1. Hindiustan Motors
Kerala
...........Appellant(s)
Versus
1. Rev. Fr. Joseph
Kerala
...........Respondent(s)
 
BEFORE: 
  Sri.M.V.VISWANATHAN PRESIDING MEMBER
 
PRESENT:
 
ORDER

 

KERALA  STATE  CONSUMER  DISPUTES  REDRESSAL  COMMISSION

                    VAZHUTHACADU    THIRUVANANTHAPURAM

APPEAL  NO: 692/2009

                       

                                 JUDGMENT DATED:06..01..2011.

 

PRESENT

 

SRI. M.V. VISWANATHAN                                    : JUDICIAL MEMBER

 

SRI.M.K.ABDULLA SONA                                    : MEMBER

 

1.         Hindustan Motors Limited,

Having its Regd. Office at:

9/1, R.N. Mukherjee Road,

Kolkata-700 001.

                                                                        : APPELLANTS

2.         The Manager,

Hindustan Motors Limited,

9/1, R.N. Mukherjee Road,

Kolkata-700 001.

 

(By Adv.Sri.S.S.Kalkura)

 

            Vs.

1.         Rev.Fr.Joseph Thonkkaraparayil,

Thonkkaraparayil House,

Kozhuvanal.P.O, Kottayam.

 

2.         Mr.Antony Mathew,

Thonkkaraparayil House,

Kozhuvanal.P.O, Kottayam.

                                                                        : RESPONDENTS

(By Adv.Smt.Asha.T.Nair)

 

3.         The Branch Manager,

Marikkar Motors Limited,

P.B.No.169, K.K.Road,

Kottayam.

 

(By Adv:Sri.Midhun Sree Mohan.V)

 

 

 

 

                                                 

 

                                            JUDGMENT

 

SHRI.M.V. VISWANATHAN : JUDICIAL MEMBER

 

Appellants were the opposite parties 1 and 2 and respondents were the complainants and 3rd opposite party respectively in CC.225/06 on the file of CDRF, Kottayam.  The complaint therein was filed alleging deficiency of service on the part of the opposite parties 1 to 3 in effecting service of the engine (turbo engine) which was purchased by the complainants from the opposite parties 1 to 3.  The complainants claimed to get the turbo diesel engine purchased by the complainants from the opposite parties repaired or to replace the same with a new turbo engine.  In the alternative the complainants claimed refund of the price of the turbo diesel engine amounting to Rs.1,71,442/- with interest at the rate of 12% per annum and compensation of Rs.25,000/- and cost.

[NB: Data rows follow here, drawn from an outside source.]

(* Let $A \in \mathbb{R}^{n\times d}$, $b\in\mathbb{R}^n$, and suppose $Ax=b$ admits a solution $x^*$. Let $w$ be a random variable in $\mathbb{R}^n$, $\mathcal{N}(w) = \mathrm{span}\lbrace z \in \mathbb{R}^d : \mathbb{P}[z'A'w=0]=1\rbrace$, $\mathcal{R}(w) = \mathcal{N}(w)^\perp$, and let $\mathcal{V}(w)$ be the subspace with $\mathcal{V}(w)\perp\mathcal{R}(w)$ and $\mathcal{V}(w)\oplus\mathcal{R}(w) = \mathrm{row}(A)$. Let $\lbrace w_\ell:\ell\geq 0\rbrace$ be random variables in $\mathbb{R}^n$ with $\mathbb{P}[A'w_\ell\in\mathcal{R}(w)]=1$ for all $\ell$, let $x_0\in\mathbb{R}^d$ be arbitrary and $x_{k+1} = x_k + A'w_kw_k'(b-Ax_k)/\|A'w_k\|_2^2$. Define stopping times $\tau_0=0$, $\tau_1 = \min\lbrace k\geq0 : \mathrm{span}\lbrace A'w_0,\ldots,A'w_k\rbrace = \mathcal{R}(w)\rbrace$, and for $\ell\geq 2$, $\tau_\ell = \min\lbrace k>\tau_{\ell-1} : \mathrm{span}\lbrace A'w_{\tau_{\ell-1}+1},\ldots,A'w_k\rbrace = \mathcal{R}(w)\rbrace$ if $\tau_{\ell-1}<\infty$, else $\tau_\ell=\infty$. For finite stopping times, let $\mathcal{F}_\ell$ be the set of matrices whose columns form a maximal linearly independent subset of $\lbrace A'w_{\tau_{\ell-1}+1}/\|A'w_{\tau_{\ell-1}+1}\|_2,\ldots,A'w_{\tau_\ell}/\|A'w_{\tau_\ell}\|_2\rbrace$ and $\gamma_\ell = 1-\min_{F\in\mathcal{F}_\ell}\det(F'F)$. Then, on the events $\bigcap_{\ell=0}^\infty\lbrace\tau_\ell<\infty\rbrace$ and $\lbrace\lim_{\ell\to\infty}\prod_{j=1}^\ell\gamma_j = 0\rbrace$, $\lim_{k\to\infty}Ax_k = b$ if and only if $P_{\mathcal{V}(w)}x_0 = P_{\mathcal{V}(w)}x^*$.
   Context: $P_W$ is orthogonal projection onto $W$; $\mathrm{row}(A)$ is the row space of $A$; $A'$ is the transpose. The iteration presupposes $A'w_k\neq 0$. *)

theory Defs
  imports "HOL-Analysis.Analysis" "HOL-Probability.Probability"
begin

definition orth_proj :: "('a::real_inner) set \<Rightarrow> 'a \<Rightarrow> 'a" where
  "orth_proj W x = (THE y. y \<in> W \<and> (\<forall>v\<in>W. orthogonal (x - y) v))"

definition row_space :: "real^'d^'n \<Rightarrow> (real^'d) set" where
  "row_space A = span (rows A)"

primrec iterate :: "real^'d^'n \<Rightarrow> real^'n \<Rightarrow> (nat \<Rightarrow> real^'n) \<Rightarrow> real^'d \<Rightarrow> nat \<Rightarrow> real^'d" where
  "iterate A b w x0 0 = x0"
| "iterate A b w x0 (Suc k) =
     (let x = iterate A b w x0 k
      in x + (1 / (norm (transpose A *v w k))^2) *\<^sub>R (transpose A *v ((w k \<bullet> (b - A *v x)) *\<^sub>R w k)))"

definition first_spanning :: "(nat \<Rightarrow> 'a::real_vector) \<Rightarrow> 'a set \<Rightarrow> nat \<Rightarrow> nat \<Rightarrow> enat" where
  "first_spanning u R s t =
     (if \<exists>k\<ge>t. span (u ` {s..k}) = R
      then enat (LEAST k. k \<ge> t \<and> span (u ` {s..k}) = R) else \<infinity>)"

fun stop_time :: "(nat \<Rightarrow> 'a::real_vector) \<Rightarrow> 'a set \<Rightarrow> nat \<Rightarrow> enat" where
  "stop_time u R 0 = 0"
| "stop_time u R (Suc 0) = first_spanning u R 0 0"
| "stop_time u R (Suc (Suc l)) =
     (case stop_time u R (Suc l) of
        enat t \<Rightarrow> first_spanning u R (Suc t) (Suc t)
      | \<infinity> \<Rightarrow> \<infinity>)"

text \<open>det(F'F) for the matrix F whose columns are the list cs (Leibniz formula for the
  determinant of the Gram matrix (F'F)_{ij} = cs!i \<bullet> cs!j).\<close>
definition gram_det :: "('a::real_inner) list \<Rightarrow> real" where
  "gram_det cs = (\<Sum>p\<in>{p. p permutes {..<length cs}}.
      of_int (sign p) * (\<Prod>i<length cs. (cs ! i) \<bullet> (cs ! (p i))))"

definition max_indep_cols :: "('a::real_vector) set \<Rightarrow> 'a list set" where
  "max_indep_cols S = {cs. distinct cs \<and> set cs \<subseteq> S \<and> independent (set cs) \<and>
       (\<forall>T. set cs \<subset> T \<and> T \<subseteq> S \<longrightarrow> dependent T)}"

definition block_vectors :: "(nat \<Rightarrow> 'a::real_normed_vector) \<Rightarrow> 'a set \<Rightarrow> nat \<Rightarrow> 'a set" where
  "block_vectors u R l =
     (let lo = (if l = 1 then 0 else the_enat (stop_time u R (l - 1)) + 1);
          hi = the_enat (stop_time u R l)
      in (\<lambda>j. (1 / norm (u j)) *\<^sub>R u j) ` {lo..hi})"

definition gamma :: "(nat \<Rightarrow> 'a::real_inner) \<Rightarrow> 'a set \<Rightarrow> nat \<Rightarrow> real" where
  "gamma u R l = 1 - Min (gram_det ` max_indep_cols (block_vectors u R l))"

end

theory Submission
  imports Defs "Jordan_Normal_Form.Determinant"
begin

text \<open>
  Writing \<open>u\<^sub>k = A' w\<^sub>k\<close>, the error \<open>x\<^sub>k - x\<^sup>*\<close> evolves by the orthogonal projections onto the
  hyperplanes \<open>u\<^sub>k\<^sup>\<bottom>\<close>. Since every \<open>u\<^sub>k\<close> lies in \<open>\<R>\<close>, the component of the error orthogonal to \<open>\<R>\<close>
  never changes, while by Meany's inequality the composite of the projections of one block,
  whose normalised vectors span \<open>\<R>\<close>, shrinks the squared length of the \<open>\<R>\<close>-component by
  the factor \<open>\<gamma>\<^sub>\<ell>\<close>. Hence \<open>A x\<^sub>k \<rightarrow> b + A q\<close>, where \<open>q\<close> is the component of \<open>x\<^sub>0 - x\<^sup>*\<close>
  orthogonal to \<open>\<R>\<close>, and \<open>A q = 0\<close> holds iff \<open>q\<close> is orthogonal to \<open>row(A) = \<V> \<oplus> \<R>\<close>,
  i.e. iff \<open>x\<^sub>0 - x\<^sup>*\<close> is orthogonal to \<open>\<V>\<close>.
\<close>

no_notation Matrix.scalar_prod (infix "\<bullet>" 70)
no_notation Matrix.vec_index (infixl "$" 100)
hide_const (open) Matrix.orthogonal Matrix.row Matrix.col Matrix.mat Matrix.vec Matrix.rows Matrix.cols

section \<open>Gram determinants\<close>

definition gram_matrix :: "('a::real_inner) list \<Rightarrow> real Matrix.mat" where
  "gram_matrix cs = Matrix.mat (length cs) (length cs) (\<lambda>(i, j). cs ! i \<bullet> cs ! j)"

lemma gram_matrix_carrier: "gram_matrix cs \<in> carrier_mat (length cs) (length cs)"
  by (simp add: gram_matrix_def)

lemma gram_det_eq_det: "gram_det cs = Determinant.det (gram_matrix cs)"
proof -
  have "Determinant.det (gram_matrix cs) = (\<Sum>p\<in>{p. p permutes {0..<length cs}}.
      signof p * (\<Prod>i=0..<length cs. gram_matrix cs $$ (i, p i)))"
    by (rule det_def'[OF gram_matrix_carrier])
  also have "\<dots> = gram_det cs"
    unfolding gram_det_def lessThan_atLeast0
  proof (rule sum.cong[OF refl])
    fix p assume "p \<in> {p. p permutes {0..<length cs}}"
    then have p: "p permutes {0..<length cs}" by simp
    have "(\<Prod>i=0..<length cs. gram_matrix cs $$ (i, p i)) = (\<Prod>i=0..<length cs. cs ! i \<bullet> cs ! p i)"
      using permutes_in_image[OF p] by (intro prod.cong) (auto simp: gram_matrix_def)
    then show "signof p * (\<Prod>i=0..<length cs. gram_matrix cs $$ (i, p i)) =
        of_int (sign p) * (\<Prod>i=0..<length cs. cs ! i \<bullet> cs ! p i)"
      by simp
  qed
  finally show ?thesis ..
qed

lemma gram_det_Nil [simp]: "gram_det [] = 1"
  by (simp add: gram_det_eq_det gram_matrix_def det_def)

lemma gram_det_Cons_add_multiple:
  assumes j: "j < length cs"
  shows "gram_det ((a + c *\<^sub>R cs ! j) # cs) = gram_det (a # cs)"
proof -
  let ?G = "gram_matrix (a # cs)"
  have G: "?G \<in> carrier_mat (Suc (length cs)) (Suc (length cs))"
    using gram_matrix_carrier[of "a # cs"] by simp
  have "gram_matrix ((a + c *\<^sub>R cs ! j) # cs) = addcol c 0 (Suc j) (addrow c 0 (Suc j) ?G)"
    by (rule eq_matI)
      (auto simp: gram_matrix_def nth_Cons' inner_add_left inner_add_right algebra_simps j)
  moreover have "Determinant.det (addcol c 0 (Suc j) (addrow c 0 (Suc j) ?G)) = Determinant.det ?G"
    using j G by (subst det_addcol[where n="Suc (length cs)"])
      (auto intro!: det_addrow[where n="Suc (length cs)"])
  ultimately show ?thesis by (simp add: gram_det_eq_det)
qed

lemma gram_det_Cons_add_span:
  assumes "p \<in> span (set cs)"
  shows "gram_det ((a + p) # cs) = gram_det (a # cs)"
  using assms
proof (induction p arbitrary: a rule: span_induct_alt)
  case base
  then show ?case by simp
next
  case (step c x y)
  then obtain j where j: "j < length cs" "x = cs ! j" by (auto simp: in_set_conv_nth)
  have "gram_det ((a + (c *\<^sub>R x + y)) # cs) = gram_det (((a + c *\<^sub>R cs ! j) + y) # cs)"
    using j by (simp add: algebra_simps)
  also have "\<dots> = gram_det ((a + c *\<^sub>R cs ! j) # cs)" by (rule step.IH)
  also have "\<dots> = gram_det (a # cs)" by (rule gram_det_Cons_add_multiple[OF j(1)])
  finally show ?case .
qed

lemma gram_det_Cons_orthogonal:
  assumes "\<forall>c\<in>set cs. r \<bullet> c = 0"
  shows "gram_det (r # cs) = (r \<bullet> r) * gram_det cs"
proof -
  let ?G = "gram_matrix (r # cs)"
  have G: "?G \<in> carrier_mat (Suc (length cs)) (Suc (length cs))"
    using gram_matrix_carrier[of "r # cs"] by simp
  have "Determinant.det ?G = (\<Sum>j<Suc (length cs). ?G $$ (0, j) * cofactor ?G 0 j)"
    by (rule laplace_expansion_row[OF G]) simp
  also have "\<dots> = ?G $$ (0, 0) * cofactor ?G 0 0"
    unfolding sum.lessThan_Suc_shift using assms
    by (auto simp: gram_matrix_def intro!: sum.neutral)
  also have "mat_delete ?G 0 0 = gram_matrix cs"
    by (rule eq_matI) (auto simp: gram_matrix_def mat_delete_def)
  then have "cofactor ?G 0 0 = gram_det cs"
    by (simp add: cofactor_def gram_det_eq_det)
  finally show ?thesis by (simp add: gram_det_eq_det gram_matrix_def)
qed

section \<open>Maximal linearly independent sublists\<close>

lemma max_indep_colsD:
  assumes "cs \<in> max_indep_cols S"
  shows "distinct cs" "set cs \<subseteq> S" "independent (set cs)"
    and "\<And>T. set cs \<subset> T \<Longrightarrow> T \<subseteq> S \<Longrightarrow> dependent T"
  using assms by (auto simp: max_indep_cols_def)

lemma max_indep_colsI:
  assumes "distinct cs" "independent (set cs)" "set cs \<subseteq> S" "S \<subseteq> span (set cs)"
  shows "cs \<in> max_indep_cols S"
  unfolding max_indep_cols_def
proof (intro CollectI conjI allI impI assms)
  fix T assume T: "set cs \<subset> T \<and> T \<subseteq> S"
  then obtain t where t: "t \<in> T" "t \<notin> set cs" by blast
  have "t \<in> span (set cs)" using T t assms(4) by blast
  moreover have "span (set cs) \<subseteq> span (T - {t})" using T t by (intro span_mono) blast
  ultimately show "dependent T" using t unfolding dependent_def by blast
qed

2.      The opposite parties 1 and 2 entered appearance and filed joint written version denying the alleged deficiency of service they contended that the complaint is not maintainable as the same is barred by limitation; that the complainants have no cause of action against the opposite parties 1 and 2; that the complaint is filed after the expiry of the warranty period; that the relationship between the opposite parties 1 and 2 and that of the 3rd opposite party/dealer is on principal to principal basis; that there is no privity of contract between the complainant and opposite parties 1 and 2; that the complaint is liable to be dismissed with exemplary cost of opposite parties 1 and 2.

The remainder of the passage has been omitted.